First benefit is, that you don’t need to provide any target-specific binaries to target different architectures. This removes some packaging problems and handling many build-system configurations. The instruction set can be decided at runtime, and only a dedicated version of a kernel has to be generated.
The second benefit is, that you can decide when kernels have to be generated. This means that you can wait until very last moment, and even generate a kernel suitable for your input data! Can you imagine new possibilities…?
Now the drawbacks: the first one is again portability. So far I haven’t seen a good standalone library that addresses code generation for multiple architectures. JIT assemblers are targeting specific instruction sets only. Compiler tool chains such as LLVM allow you to develop a JIT compiler but they don’t offer a deployable solution.
The second issue is programming complexity: with JIT assemblers you don’t have an abstraction available over an instruction set. If you want to use JIT compiler, then the problem might be the need to understand some compiler design practices as well as to develop a form of an embedded language.
Just to summarize. I would rank different approaches in following categories:
- Performance in basic, most common scenarios (Like ‘A+B’)
- Performance in corner-case situations (Like permutations or data-dependent control flow),
- Performance portability (As how likely it is to see performance degradation of the same code on another platform?)
- Performance stability (How reluctant is the performance of a specific fragment of code to changes in the near neighborhood?)
- Target portability (Will the code be able to be re-compiled for another platform?)
- User code structure (Does the user need to write any additional code except for the SIMD sensitive parts?)
- Architecture knowledge (How much does the user need to know about specific instruction set?)
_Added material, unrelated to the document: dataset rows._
(* Let $k,\ell \in \mathbb{N}$, and let $G$ be any ordered graph. If $G$ contains no $k$-structure of Type 1, no $k$-structure of Type 2, and no $(k,\ell)$-structure of Type 3, then the vertices of $G$ may be partitioned into blocks $B_1 < \ldots < B_m$ of consecutive vertices, with $m \leqslant 256k^4$ and each block $\ell$-homogeneous.
   Context: An ordered graph of order $n$ has vertex set $[n]$ with the natural order; $\Gamma(x)$ is the neighbourhood of $x$. For sets $A,B$ of vertices, $A<B$ means $a<b$ for all $a\in A$, $b\in B$. For a vertex $x$ and $\ell\in\mathbb{N}$, $N_\ell(x)=\{z\in\mathbb{N}: x-\ell+1\leqslant z\leqslant x+\ell-1\}$. Vertices $x,y$ are $\ell$-homogeneous if $\Gamma(x)\setminus(N_\ell(x)\cup N_\ell(y))=\Gamma(y)\setminus(N_\ell(x)\cup N_\ell(y))$; a set $B$ of consecutive vertices is $\ell$-homogeneous if every two of its vertices are $\ell$-homogeneous. Structures in $G$: a $k$-structure of Type 1 consists of vertices $y$ and $x_1<\dots<x_{2k}$ with $y<x_1$ or $y>x_{2k}$, such that for $1\leqslant i<2k$, $yx_i\in E(G)$ iff $yx_{i+1}\notin E(G)$. A $k$-structure of Type 2(a) consists of vertices $x_1<\dots<x_{2k}<y_1<\dots<y_{2k}$ such that for $1\leqslant i<2k$, $x_iy_i\in E(G)$ iff $x_{i+1}y_{i+1}\notin E(G)$; Type 2(b) is the same but with $x_1<\dots<x_{2k}<y_{2k}<\dots<y_1$; a $k$-structure of Type 2 is one of Type 2(a) or 2(b). A $(k,\ell)$-structure of Type 3 consists of vertices $x_1<z_{1,1}<\dots<z_{1,\ell-1}<y_1<x_2<z_{2,1}<\dots<z_{2,\ell-1}<y_2<x_3<\dots<y_{2k-1}<x_{2k}<z_{2k,1}<\dots<z_{2k,\ell-1}<y_{2k}$ such that for $1\leqslant i<2k$, $x_iy_i\in E(G)$ iff $x_{i+1}y_{i+1}\notin E(G)$. *)

theory Defs
  imports Main
begin

definition ordered_graph :: "nat \<Rightarrow> (nat \<Rightarrow> nat \<Rightarrow> bool) \<Rightarrow> bool" where
  "ordered_graph n E \<longleftrightarrow> (\<forall>u v. E u v \<longrightarrow> E v u) \<and> (\<forall>u. \<not> E u u)
     \<and> (\<forall>u v. E u v \<longrightarrow> u \<in> {1..n} \<and> v \<in> {1..n})"

definition nbhd :: "nat \<Rightarrow> (nat \<Rightarrow> nat \<Rightarrow> bool) \<Rightarrow> nat \<Rightarrow> nat set" where
  "nbhd n E x = {z \<in> {1..n}. E x z}"

text \<open>N_l(x) = {z. x - l + 1 \<le> z \<le> x + l - 1}, written without truncated subtraction.\<close>
definition Nl :: "nat \<Rightarrow> nat \<Rightarrow> nat set" where
  "Nl l x = {z. x + 1 \<le> z + l \<and> z + 1 \<le> x + l}"

definition set_less :: "nat set \<Rightarrow> nat set \<Rightarrow> bool" where
  "set_less A B \<longleftrightarrow> (\<forall>a\<in>A. \<forall>b\<in>B. a < b)"

definition l_homogeneous_pair :: "nat \<Rightarrow> (nat \<Rightarrow> nat \<Rightarrow> bool) \<Rightarrow> nat \<Rightarrow> nat \<Rightarrow> nat \<Rightarrow> bool" where
  "l_homogeneous_pair n E l x y \<longleftrightarrow>
     nbhd n E x - (Nl l x \<union> Nl l y) = nbhd n E y - (Nl l x \<union> Nl l y)"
- SIMD knowledge (How much does the user need to know to efficiently use SIMD instructions?)
- Additional programming knowledge (Are there any framework conventions or specific idioms that need to be known?)
As for the notes that I am giving, those are completely subjective values in range 1-6. The higher value, the better an approach scores in a given category.
I might be biased by what I already know and I also considered the different ranking categories in the context of existing tools. Things might change as all approaches will evolve, so it is not a definitive comparison. If you disagree, let me know.
In general all approaches should give you pretty high performance in most common scenarios. To really compare each approach you have to look also on how important portability is for your project, how much of an effort will it be to scale use of a specific technology across the whole project, and how comfortable do you feel with a specific way you approach task at hand. There is no silver bullet.